Works and Glory: or, Brief Assorted Thoughts on the Christology of John 5

John 5 begins with the fairly familiar story of Jesus healing the paralyzed man by the pool on the Sabbath, incurring the wrath of the Jews. During their persecution of him, Jesus has a number of interesting things to say:

  1. He and his Father have both been working. What’s especially interesting is the inference the Jews draw: that in making this declaration, he had made himself equal with God.
  2. The Son can’t do anything but what he sees the Father do.
  3. The Father himself judges no one, but leaves the judging to the Son (this is a function of his being the Son of Man), and to dishonour the Son is to dishonour the father.
  4. The Son only has life in himself because the Father grants it, whereas the Father has life in Himself.
  5. The works that the Father gives to the Son are what bears witness that the Father has sent the Son.
  6. In some sense the Jews are guilty – accused by Moses, no less – of not seeking the glory (or honour) that comes only from God. The opposite is the case with Jesus, who actively seeks God’s glory.
  7. Jesus can do nothing of himself: the soundness of his judgement derives from the will of the Father.

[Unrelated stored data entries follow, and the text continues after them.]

(* Let $h>0$ satisfy $L_eh^2\le1/9$, where $L_e=L+2\epsilon\tilde L$. Then for all $x,v\in\mathbb{R}^{Nd}$, $$\sum_{\ell=1}^N\sup_{0\le s\le h}|q^\ell_s(x,v)-x^\ell-sv^\ell|^2\le\frac{16}5(L_eh^2)^2\sum_{\ell=1}^N\Big(|x^\ell|^2+h^2|v^\ell|^2+\frac13L_e^{-2}\epsilon^2\mathbf W_0^2\Big),$$ where $\mathbf W_0=|\nabla_1W(0,0)|$.
   Context: Standing assumptions: $\epsilon\ge0$; $V:\mathbb{R}^d\to\mathbb{R}$, $W:\mathbb{R}^d\times\mathbb{R}^d\to\mathbb{R}$ are $C^1$, $\nabla_1W$ the gradient in the first argument, constants $L>0$, $\tilde L\ge0$ with: (a) $V(0)=0$, $V\ge0$; (b) $|\nabla V(x)-\nabla V(y)|\le L|x-y|$; (d) $W$ symmetric, $|\nabla_1W(x,y)-\nabla_1W(\tilde x,\tilde y)|\le\tilde L(|x-\tilde x|+|y-\tilde y|)$. Points of $\mathbb{R}^{Nd}$: $x=(x^1,\dots,x^N)$, $x^i\in\mathbb{R}^d$. $U(x)=\sum_i\big(V(x^i)+\frac\epsilon{2N}\sum_jW(x^i,x^j)\big)$, $\nabla_iU=\partial U/\partial x^i$. Exact flow $(q_t,p_t)(x,v)$: $\dot q^i_t=p^i_t$, $\dot p^i_t=-\nabla_iU(q_t)$, $(q_0,p_0)=(x,v)$. *)

theory Defs
  imports "HOL-Analysis.Analysis"
begin

text \<open>Configurations in R^{Nd} are represented as functions nat => 'a, where
  'a is R^d (any Euclidean space) and only the components 0..N-1 matter.\<close>

definition potU :: "nat \<Rightarrow> real \<Rightarrow> ('a \<Rightarrow> real) \<Rightarrow> ('a \<Rightarrow> 'a \<Rightarrow> real)
                    \<Rightarrow> (nat \<Rightarrow> 'a) \<Rightarrow> real" where
  "potU N \<epsilon> V W x = (\<Sum>i<N. V (x i) + \<epsilon> / (2 * real N) * (\<Sum>j<N. W (x i) (x j)))"

end

theory Submission
  imports Defs
begin

(* Write a_l = sup_{0<=s<=h} |q^l_s - x^l - s v^l| and b_l = |x^l| + h |v^l|, so that
   |q^l_s| <= a_l + b_l on [0,h]. Since grad V(0) = 0 and both gradients are Lipschitz, the force
   on particle l is then at most F_l = (L + eps Lt)(a_l + b_l) + eps Lt mean_j (a_j + b_j) + eps W0,
   and the second-order Taylor remainder gives a_l <= h^2 F_l / 2. Taking l^2 norms over the
   particles (Cauchy-Schwarz controls the mean) yields the self-consistent inequality
   |a| <= (L_e h^2 / 2)(|a| + |b|) + (h^2 / 2) sqrt N eps W0, which can be solved for |a|
   because L_e h^2 <= 1/9. *)

lemma gradient_eq_0_at_global_min:
  fixes f :: "'a::real_inner \<Rightarrow> real"
  assumes "(f has_derivative (\<lambda>k. g \<bullet> k)) (at x)" and "\<And>y. f x \<le> f y"
  shows "g = 0"
proof -
  have "(\<lambda>k. g \<bullet> k) = (\<lambda>k. 0)"
    using has_derivative_local_min[OF assms(1)] assms(2) by simp
  then have "g \<bullet> g = 0" by metis
  then show ?thesis by simp
qed

lemma gradient_unique:
  fixes f :: "'a::real_inner \<Rightarrow> real"
  assumes "(f has_derivative (\<lambda>k. a \<bullet> k)) (at x)" and "(f has_derivative (\<lambda>k. b \<bullet> k)) (at x)"
  shows "a = b"
  using has_derivative_unique[OF assms] by (metis vector_eq_rdot)

lemma has_derivative_fun_upd_component:
  "((\<lambda>u. (y(i := u)) k) has_derivative (\<lambda>h. if k = i then h else 0)) (at u0)"
  by (cases "k = i") (auto intro!: derivative_eq_intros)

lemma norm_second_order_remainder_le:
  fixes q p F :: "real \<Rightarrow> 'a::real_normed_vector"
  assumes q': "\<And>t. 0 \<le> t \<Longrightarrow> t \<le> s \<Longrightarrow> (q has_vector_derivative p t) (at t)"
    and p': "\<And>t. 0 \<le> t \<Longrightarrow> t \<le> s \<Longrightarrow> (p has_vector_derivative F t) (at t)"
    and F: "\<And>t. 0 \<le> t \<Longrightarrow> t \<le> s \<Longrightarrow> norm (F t) \<le> B"
    and s: "0 \<le> s"
  shows "norm (q s - q 0 - s *\<^sub>R p 0) \<le> B * s\<^sup>2 / 2"
proof (cases "s = 0")
  case False
  have "isCont p t" "isCont q t" if "0 \<le> t" "t \<le> s" for t
    using q' p' that has_vector_derivative_continuous by blast+
  then have p_cont: "continuous_on {0..t} p" and q_cont: "continuous_on {0..t} q" if "t \<le> s" for t
    using that by (auto intro!: continuous_at_imp_continuous_on)
  have p_increment: "norm (p t - p 0) \<le> B * t" if "0 \<le> t" "t \<le> s" for t
  proof (cases "t = 0")
    case False
    have "norm (p t - p 0) \<le> B * t - B * 0"
      by (rule differentiable_bound_general[where f' = F and \<phi>' = "\<lambda>_. B"])
        (use that False p_cont p' F in \<open>auto intro!: continuous_on_mult_left derivative_eq_intros\<close>)
    then show ?thesis by simp
  qed simp
  have "norm ((q s - s *\<^sub>R p 0) - (q 0 - 0 *\<^sub>R p 0)) \<le> B * s\<^sup>2 / 2 - B * 0\<^sup>2 / 2"
    by (rule differentiable_bound_general[where f' = "\<lambda>t. p t - p 0" and \<phi>' = "\<lambda>t. B * t"])
      (use s False q_cont q' p_increment in \<open>auto intro!: continuous_on_diff continuous_on_scaleR
          continuous_on_mult_left continuous_on_divide continuous_on_power derivative_eq_intros
          simp flip: has_real_derivative_iff_has_vector_derivative\<close>)
  then show ?thesis by (simp add: algebra_simps)
qed simp

lemma norm_le_sqrt_SUP_square_norm:
  fixes f :: "real \<Rightarrow> 'a::real_normed_vector"
  assumes "continuous_on {a..b} f" and "s \<in> {a..b}"
  shows "norm (f s) \<le> sqrt (SUP t\<in>{a..b}. (norm (f t))\<^sup>2)"
proof -
  have "compact ((\<lambda>t. (norm (f t))\<^sup>2) ` {a..b})"
    using assms(1) by (intro compact_continuous_image continuous_intros) auto
  then have "bdd_above ((\<lambda>t. (norm (f t))\<^sup>2) ` {a..b})"
    by (intro bounded_imp_bdd_above compact_imp_bounded)
  then have "(norm (f s))\<^sup>2 \<le> (SUP t\<in>{a..b}. (norm (f t))\<^sup>2)"
    using assms(2) by (rule cSUP_upper2) simp
  then show ?thesis by (rule real_le_rsqrt)
qed

lemma sqrt_SUP_square_norm_le:
  fixes f :: "real \<Rightarrow> 'a::real_normed_vector"
  assumes "a \<le> b" and "\<And>t. t \<in> {a..b} \<Longrightarrow> norm (f t) \<le> M"
  shows "sqrt (SUP t\<in>{a..b}. (norm (f t))\<^sup>2) \<le> M"
proof -
  have "M \<ge> 0" using order_trans[OF norm_ge_zero assms(2)[of a]] assms(1) by simp
  have "(SUP t\<in>{a..b}. (norm (f t))\<^sup>2) \<le> M\<^sup>2"
    using assms by (intro cSUP_least power_mono) auto
  with \<open>M \<ge> 0\<close> show ?thesis by (rule real_le_lsqrt)
qed

lemma sqrt_SUP_second_order_remainder_le:
  fixes q p F :: "real \<Rightarrow> 'a::real_normed_vector"
  assumes q': "\<And>t. 0 \<le> t \<Longrightarrow> t \<le> h \<Longrightarrow> (q has_vector_derivative p t) (at t)"
    and p': "\<And>t. 0 \<le> t \<Longrightarrow> t \<le> h \<Longrightarrow> (p has_vector_derivative F t) (at t)"
    and F: "\<And>t. 0 \<le> t \<Longrightarrow> t \<le> h \<Longrightarrow> norm (F t) \<le> B"
    and h: "0 \<le> h"
  shows "sqrt (SUP s\<in>{0..h}. (norm (q s - q 0 - s *\<^sub>R p 0))\<^sup>2) \<le> B * h\<^sup>2 / 2"
proof (rule sqrt_SUP_square_norm_le[OF h])
  fix s assume s: "s \<in> {0..h}"
  have "B \<ge> 0" using order_trans[OF norm_ge_zero F[of 0]] h by simp
  have "norm (q s - q 0 - s *\<^sub>R p 0) \<le> B * s\<^sup>2 / 2"
    using s by (intro norm_second_order_remainder_le[where F = F] q' p' F) auto
  also have "\<dots> \<le> B * h\<^sup>2 / 2"
    using s \<open>B \<ge> 0\<close> by (intro divide_right_mono mult_left_mono power_mono) auto
  finally show "norm (q s - q 0 - s *\<^sub>R p 0) \<le> B * h\<^sup>2 / 2" .
qed

lemma sqrt_card_mult_abs_mean_le_L2_set:
  "sqrt (real (card A)) * \<bar>sum f A / real (card A)\<bar> \<le> L2_set f A"
proof (cases "finite A \<and> A \<noteq> {}")
  case True
  have "(sqrt (real (card A)) * \<bar>sum f A / real (card A)\<bar>)\<^sup>2 = (sum f A)\<^sup>2 / real (card A)"
    using True by (simp add: power_mult_distrib power_divide) (simp add: power2_eq_square)
  also have "\<dots> \<le> (\<Sum>i\<in>A. (f i)\<^sup>2)"
    using sum_squared_le_sum_of_squares[of f A] True by (simp add: divide_le_eq card_gt_0_iff)
  finally show ?thesis unfolding L2_set_def by (rule real_le_rsqrt)
qed auto

lemma L2_set_mean_field_le:
  fixes c :: "nat \<Rightarrow> real"
  assumes "0 \<le> A" and "0 \<le> C"
  shows "L2_set (\<lambda>l. A * c l + C * ((\<Sum>j<N. c j) / real N) + D) {..<N}
           \<le> (A + C) * L2_set c {..<N} + sqrt (real N) * \<bar>D\<bar>"
proof -
  define m where "m = (\<Sum>j<N. c j) / real N"
  have "L2_set (\<lambda>l. A * c l + (C * m + D)) {..<N}
      \<le> L2_set (\<lambda>l. A * c l) {..<N} + L2_set (\<lambda>l. C * m + D) {..<N}"
    by (rule L2_set_triangle_ineq)
  also have "\<dots> = A * L2_set c {..<N} + sqrt (real N) * \<bar>C * m + D\<bar>"
    using assms by (simp add: L2_set_right_distrib L2_set_constant)
  also have "\<dots> \<le> A * L2_set c {..<N} + C * (sqrt (real N) * \<bar>m\<bar>) + sqrt (real N) * \<bar>D\<bar>"
  proof -
    have "\<bar>C * m + D\<bar> \<le> C * \<bar>m\<bar> + \<bar>D\<bar>"
      using assms abs_triangle_ineq[of "C * m" D] by (simp add: abs_mult)
    then have "sqrt (real N) * \<bar>C * m + D\<bar> \<le> sqrt (real N) * (C * \<bar>m\<bar> + \<bar>D\<bar>)"
      by (rule mult_left_mono) simp
    then show ?thesis by (simp add: algebra_simps)
  qed
  also have "\<dots> \<le> A * L2_set c {..<N} + C * L2_set c {..<N} + sqrt (real N) * \<bar>D\<bar>"
    using mult_left_mono[OF sqrt_card_mult_abs_mean_le_L2_set[of "{..<N}" c] assms(2)]
    by (simp add: m_def)
  finally show ?thesis by (simp add: m_def add.assoc algebra_simps)
qed
lemma dr_submodular_join_lower_bound:
  assumes DR: "dr_submodular n u f" and G: "has_gradient_on n f g (box_n n u)"
    and fnn: "\<forall>w\<in>box_n n u. 0 \<le> f w"
    and x: "x \<in> box_n n u" and y: "y \<in> box_n n u" and \<theta>: "0 \<le> \<theta>" "\<theta> \<le> 1"
    and x_le: "\<forall>i<n. x i \<le> \<theta> * u i"
  shows "(1 - \<theta>) * f y \<le> f (\<lambda>i. max (x i) (y i))"
proof -
  define z where "z = (\<lambda>i. max (x i) (y i))"
  show ?thesis
  proof (cases "\<theta> = 0")
    case True
    have "z i = y i" for i
    proof (cases "i < n")
      case True
      then have "x i \<le> y i" using x_le y unfolding \<open>\<theta> = 0\<close> box_n_def by force
      then show ?thesis by (simp add: z_def)
    next
      case False
      then show ?thesis using x y by (simp add: z_def box_n_def)
    qed
    then have "z = y" by blast
    then show ?thesis unfolding True z_def by simp
  next
    case False
    then have "0 < \<theta>" using \<theta> by simp
    \<comment> \<open>concavity along the ray from \<open>y\<close> through \<open>z\<close>, continued to \<open>w\<close> where \<open>f w \<ge> 0\<close>\<close>
    define M where "M = 1 / \<theta>"
    have M1: "1 \<le> M" unfolding M_def using \<open>0 < \<theta>\<close> \<theta> by simp
    define w where "w = segment_point y z M"
    have zbox: "z \<in> box_n n u" using x y unfolding z_def box_n_def by auto
    have wbox: "w \<in> box_n n u"
      unfolding w_def z_def M_def using join_extrapolation_in_box_n[OF x y \<open>0 < \<theta>\<close> \<theta>(2) x_le] by simp
    have yz: "\<forall>i<n. y i \<le> z i" unfolding z_def by simp
    have wz: "(\<lambda>i. w i - z i) = (\<lambda>i. (M - 1) * (z i - y i))"
      using segment_point_diff[of y z M 1] unfolding w_def by simp
    have zw: "\<forall>i<n. z i \<le> w i"
    proof (intro allI impI)
      fix i
      have "0 \<le> (M - 1) * (z i - y i)" using M1 by (simp add: z_def)
      then show "z i \<le> w i" using fun_cong[OF wz, of i] by simp
    qed
    define I where "I = inner_n n (g z) (\<lambda>i. z i - y i)"
    have "inner_n n (g z) (\<lambda>i. w i - z i) = (M - 1) * I"
      unfolding wz I_def by (rule inner_n_scale_right)
    then have "f w - f z \<le> (M - 1) * I"
      using dr_submodular_gradient_bounds(1)[OF DR G zbox wbox zw] by simp
    moreover have "I \<le> f z - f y" unfolding I_def by (rule dr_submodular_gradient_bounds(2)[OF DR G y zbox yz])
    moreover have "0 \<le> f w" using fnn wbox by blast
    ultimately have "- f z \<le> (M - 1) * (f z - f y)"
      using M1 by (smt (verit) mult_left_mono)
    then have "\<theta> * (- f z) \<le> \<theta> * ((M - 1) * (f z - f y))" using \<theta> by (intro mult_left_mono) auto
    moreover have "\<theta> * (M - 1) = 1 - \<theta>" unfolding M_def using \<open>0 < \<theta>\<close> by (simp add: field_simps)
    ultimately have "- (\<theta> * f z) \<le> (1 - \<theta>) * (f z - f y)" by (simp add: mult.assoc[symmetric])
    then show ?thesis unfolding z_def[symmetric] by (simp add: algebra_simps)
  qed
qed

lemma exp_minus_one_le_power:
  assumes "0 < K"
  shows "exp (-1) \<le> (1 - 1 / real K) ^ (K - 1)"
proof (cases "K = 1")
  case False
  define m where "m = K - 1"
  have m: "0 < m" "real K = real m + 1" using assms False unfolding m_def by auto
  have "exp (- (1 / real m)) = 1 / exp (1 / real m)" by (simp add: exp_minus field_simps)
  also have "\<dots> \<le> 1 / (1 + 1 / real m)"
    using m exp_ge_add_one_self[of "1 / real m"] by (intro divide_left_mono mult_pos_pos add_pos_pos) auto
  also have "\<dots> = 1 - 1 / real K" using m by (simp add: field_simps)
  finally have "exp (- (1 / real m)) ^ m \<le> (1 - 1 / real K) ^ m" by (rule power_mono) simp
  moreover have "exp (- (1 / real m)) ^ m = exp (-1)"
    using m by (simp flip: exp_of_nat_mult)
  ultimately show ?thesis unfolding m_def by simp
qed simp

lemma dist_n_le_diam_n:
  assumes "P \<subseteq> box_n n u" "a \<in> P" "b \<in> P"
  shows "dist_n n a b \<le> diam_n n P"
proof -
  have bound: "dist_n n c d \<le> (\<Sum>i<n. u i)" if "c \<in> P" "d \<in> P" for c d
  proof -
    have "\<bar>c i - d i\<bar> \<le> u i" if "i < n" for i
    proof -
      have "c \<in> box_n n u" "d \<in> box_n n u" using \<open>c \<in> P\<close> \<open>d \<in> P\<close> assms(1) by auto
      then have "0 \<le> c i" "c i \<le> u i" "0 \<le> d i" "d i \<le> u i" using that unfolding box_n_def by auto
      then show ?thesis by linarith
    qed
    then have "(\<Sum>i<n. \<bar>c i - d i\<bar>) \<le> (\<Sum>i<n. u i)" by (intro sum_mono) simp
    then show ?thesis
      unfolding dist_n_def using L2_set_le_sum_abs[of "\<lambda>i. c i - d i" "{..<n}"] by linarith
  qed
  have row: "bdd_above ((\<lambda>y. dist_n n c y) ` P)" if "c \<in> P" for c
    using bound that by (auto intro!: bdd_aboveI)
  have "bdd_above ((\<lambda>x. SUP y\<in>P. dist_n n x y) ` P)"
    using assms(2) bound by (auto intro!: bdd_aboveI cSUP_least)
  then have "(SUP y\<in>P. dist_n n a y) \<le> diam_n n P"
    unfolding diam_n_def using assms(2) by (rule cSUP_upper[rotated])
  moreover have "dist_n n a b \<le> (SUP y\<in>P. dist_n n a y)"
    using cSUP_upper[OF assms(3) row[OF assms(2)]] .
  ultimately show ?thesis by linarith
qed

lemma lipschitz_grad_box_nonneg:
  assumes "lipschitz_grad n g (box_n n u) L" "\<forall>i<n. 0 < u i" "0 < n"
  shows "0 \<le> L"
proof -
  define b where "b = (\<lambda>i::nat. if i = 0 then u 0 else 0)"
  have box: "(\<lambda>i. 0) \<in> box_n n u" "b \<in> box_n n u"
    using assms(2,3) unfolding b_def box_n_def by (auto simp: less_imp_le)
  have "dist_n n b (\<lambda>i. 0) \<noteq> 0"
    using assms(2,3) L2_set_eq_0_iff[of "{..<n}" "\<lambda>i. b i - 0"] unfolding dist_n_def b_def by auto
  then have pos: "0 < dist_n n b (\<lambda>i. 0)" unfolding dist_n_def by (simp add: order_le_neq_trans)
  have "0 \<le> dist_n n (g b) (g (\<lambda>i. 0))" by (simp add: dist_n_def)
  also have "\<dots> \<le> L * dist_n n b (\<lambda>i. 0)"
    using assms(1) box unfolding lipschitz_grad_def by blast
  finally show ?thesis using pos by (simp add: zero_le_mult_iff)
qed

lemma linear_recurrence_lower_bound:
  fixes a :: "nat \<Rightarrow> real"
  assumes \<gamma>: "0 \<le> \<gamma>" "\<gamma> \<le> 1" and B: "0 \<le> B" and a0: "0 \<le> a 0"
    and rec: "\<And>k. k < K \<Longrightarrow> (1 - \<gamma>) * a k + \<gamma> * (1 - \<gamma>) ^ k * F - B \<le> a (Suc k)"
    and "k \<le> K"
  shows "real k * \<gamma> * (1 - \<gamma>) ^ (k - 1) * F - real k * B \<le> a k"
  using \<open>k \<le> K\<close>
proof (induction k)
  case 0
  then show ?case using a0 by simp
next
  case (Suc k)
  let ?A = "real k * \<gamma> * (1 - \<gamma>) ^ (k - 1) * F"
  have "(1 - \<gamma>) * (?A - real k * B) \<le> (1 - \<gamma>) * a k"
    using Suc \<gamma> by (intro mult_left_mono) auto
  moreover have "(1 - \<gamma>) * (?A - real k * B) = (1 - \<gamma>) * ?A - (1 - \<gamma>) * (real k * B)"
    by (rule right_diff_distrib)
  moreover have "(1 - \<gamma>) * ?A = real k * \<gamma> * (1 - \<gamma>) ^ k * F"
    by (cases k) auto
  moreover have "(1 - \<gamma>) * (real k * B) \<le> real k * B" using \<gamma> B by (simp add: mult_left_le_one_le)
  ultimately have "real k * \<gamma> * (1 - \<gamma>) ^ k * F - real k * B \<le> (1 - \<gamma>) * a k"
    by linarith
  then show ?case using rec[of k] Suc.prems by (simp add: algebra_simps)
qed

locale nmfw_setting =
  fixes n :: nat and u :: "nat \<Rightarrow> real" and f :: "(nat \<Rightarrow> real) \<Rightarrow> real"
    and g :: "(nat \<Rightarrow> real) \<Rightarrow> nat \<Rightarrow> real" and L :: real and P :: "(nat \<Rightarrow> real) set"
    and z :: "nat \<Rightarrow> real" and K :: nat
    and x :: "nat \<Rightarrow> nat \<Rightarrow> real" and t :: "nat \<Rightarrow> real" and v :: "nat \<Rightarrow> nat \<Rightarrow> real"
  assumes u_pos: "\<forall>i<n. 0 < u i"
    and gradient: "has_gradient_on n f g (box_n n u)"
    and nonneg: "\<forall>y\<in>box_n n u. 0 \<le> f y"
    and dr: "dr_submodular n u f"
    and lipschitz: "lipschitz_grad n g (box_n n u) L"
    and P_box: "P \<subseteq> box_n n u"
    and down_closed: "down_closed_n n P"
    and z_in: "z \<in> P"
    and K_pos: "0 < K"
    and run: "nmfw_run n u g P (1 / real K) x t v"
begin

abbreviation \<gamma> :: real where "\<gamma> \<equiv> 1 / real K"

lemma step_size: "0 < \<gamma>" "\<gamma> \<le> 1"
  using K_pos by auto

lemma step_active:
  assumes "t k = real k / real K" "k < K"
  shows "t k < 1" "min \<gamma> (1 - t k) = \<gamma>"
proof -
  have "\<gamma> + t k = (real k + 1) / real K" using assms(1) by (simp add: add_divide_distrib)
  also have "\<dots> \<le> 1" using assms(2) by simp
  finally have "\<gamma> \<le> 1 - t k" by simp
  then show "t k < 1" "min \<gamma> (1 - t k) = \<gamma>" using step_size(1) by linarith+
qed

lemma time_eq: "k \<le> K \<Longrightarrow> t k = real k / real K"
proof (induction k)
  case 0
  then show ?case using run unfolding nmfw_run_def by simp
next
  case (Suc k)
  then have "t k = real k / real K" "k < K" by auto
  then show ?case
    using run step_active unfolding nmfw_run_def by (simp add: add_divide_distrib)
qed

lemma iteration:
  assumes "k < K"
  shows "x (Suc k) = (\<lambda>i. x k i + \<gamma> * v k i)"
    and "v k \<in> P" and "\<forall>i<n. v k i \<le> u i - x k i"
    and "\<And>w. w \<in> P \<Longrightarrow> \<forall>i<n. w i \<le> u i - x k i \<Longrightarrow> inner_n n w (g (x k)) \<le> inner_n n (v k) (g (x k))"
proof -
  have "t k < 1" "min \<gamma> (1 - t k) = \<gamma>" using step_active time_eq assms by auto
  with run show "x (Suc k) = (\<lambda>i. x k i + \<gamma> * v k i)"
    and "v k \<in> P" and "\<forall>i<n. v k i \<le> u i - x k i"
    and "\<And>w. w \<in> P \<Longrightarrow> \<forall>i<n. w i \<le> u i - x k i \<Longrightarrow> inner_n n w (g (x k)) \<le> inner_n n (v k) (g (x k))"
    unfolding nmfw_run_def by auto
qed

lemma iterate_bounds:
  "k \<le> K \<Longrightarrow> x k \<in> box_n n u \<and> (\<forall>i<n. x k i \<le> (1 - (1 - \<gamma>) ^ k) * u i)"
proof (induction k)
  case 0
  then show ?case using run u_pos unfolding nmfw_run_def box_n_def by (simp add: less_imp_le)
next
  case (Suc k)
  then have k: "k < K" and IH: "x k \<in> box_n n u" "\<forall>i<n. x k i \<le> (1 - (1 - \<gamma>) ^ k) * u i"
    by auto
  have v: "v k \<in> box_n n u" "\<forall>i<n. v k i \<le> u i - x k i"
    using iteration[OF k] P_box by auto
  have "0 \<le> x (Suc k) i \<and> x (Suc k) i \<le> (1 - (1 - \<gamma>) ^ Suc k) * u i" if i: "i < n" for i
  proof -
    have h: "0 \<le> x k i" "0 \<le> v k i" "v k i \<le> u i - x k i" "x k i \<le> (1 - (1 - \<gamma>) ^ k) * u i"
      using IH v i unfolding box_n_def by auto
    have "x k i + \<gamma> * v k i \<le> (1 - \<gamma>) * x k i + \<gamma> * u i"
      using mult_left_mono[OF h(3), of \<gamma>] step_size by (simp add: algebra_simps)
    also have "(1 - \<gamma>) * x k i \<le> (1 - \<gamma>) * ((1 - (1 - \<gamma>) ^ k) * u i)"
      using h step_size by (intro mult_left_mono) auto
    finally show ?thesis
      using h step_size iteration(1)[OF k] by (simp add: algebra_simps)
  qed
  moreover have "(1 - (1 - \<gamma>) ^ Suc k) * u i \<le> u i" if "i < n" for i
    using u_pos that step_size by (simp add: less_imp_le)
  ultimately show ?case
    using IH v iteration(1)[OF k] unfolding box_n_def by force
qed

This chapter serves as something of an exposition of what the relation of Father/Son cashes out to. In broad strokes, it could be said that the only function Jesus has is to do what the Father wants him to do. Going further, it may even be implied that Jesus doesn’t even have a ‘will’ of his own because of the extent to which he depends on the Father’s will. Earlier in John 4, Jesus says that his bread is to do the will of his Father, and with the food-language coupled to the will-language here, it would appear that the will of the Father is for Jesus is almost an animating force. So fully submitted to the will of the Father is the Son that doing the Father’s will is what keeps him alive – the only purpose the Son has is to serve as the agent that accomplishes the will of the Father. Submission seems to not go far enough in categorizing the relation between the Father and Son here.


‘Work’ seems to be the main theme of this chapter; it’s the declaration of working with the Father that makes the Jews want to kill Jesus. As noted above, an aspect of the work for which the son was sent was judging, and in John 5:28 Jesus refers to Daniel 12:2, connecting this verse to his own work of judging. Interestingly, Jesus appears totally unconcerned with whether or not the Jews believe that he is in fact sent from the Father – he has his job and works to do, and it falls on the Jews for not believing either Jesus, the witness of the Father/his works, and Moses. What’s interesting is that though Jesus is here to judge, he’s not going to accuse the Jews to the Father; this is Moses’s job.

The brief take on John 5 by S.A. Cummins in Theological Interpretation of the New Testament, where his works ‘enable him as Son to reveal the Father in new, authoritative and life giving ways’ (p. 67) seems to not really be validated by the text itself, which largely focuses on the extent to which it is the Son who is witnessed to and revealed by God and in his works. Brandon Crowe thinks that verses 39 and 45-47 call for faith, but that doesn’t seem textually supported either, since these verses show Christ not calling for his persecutors to have faith but rather issuing a judgement of condemnation, not dissimilar from the sort of judgement issued in verse 22.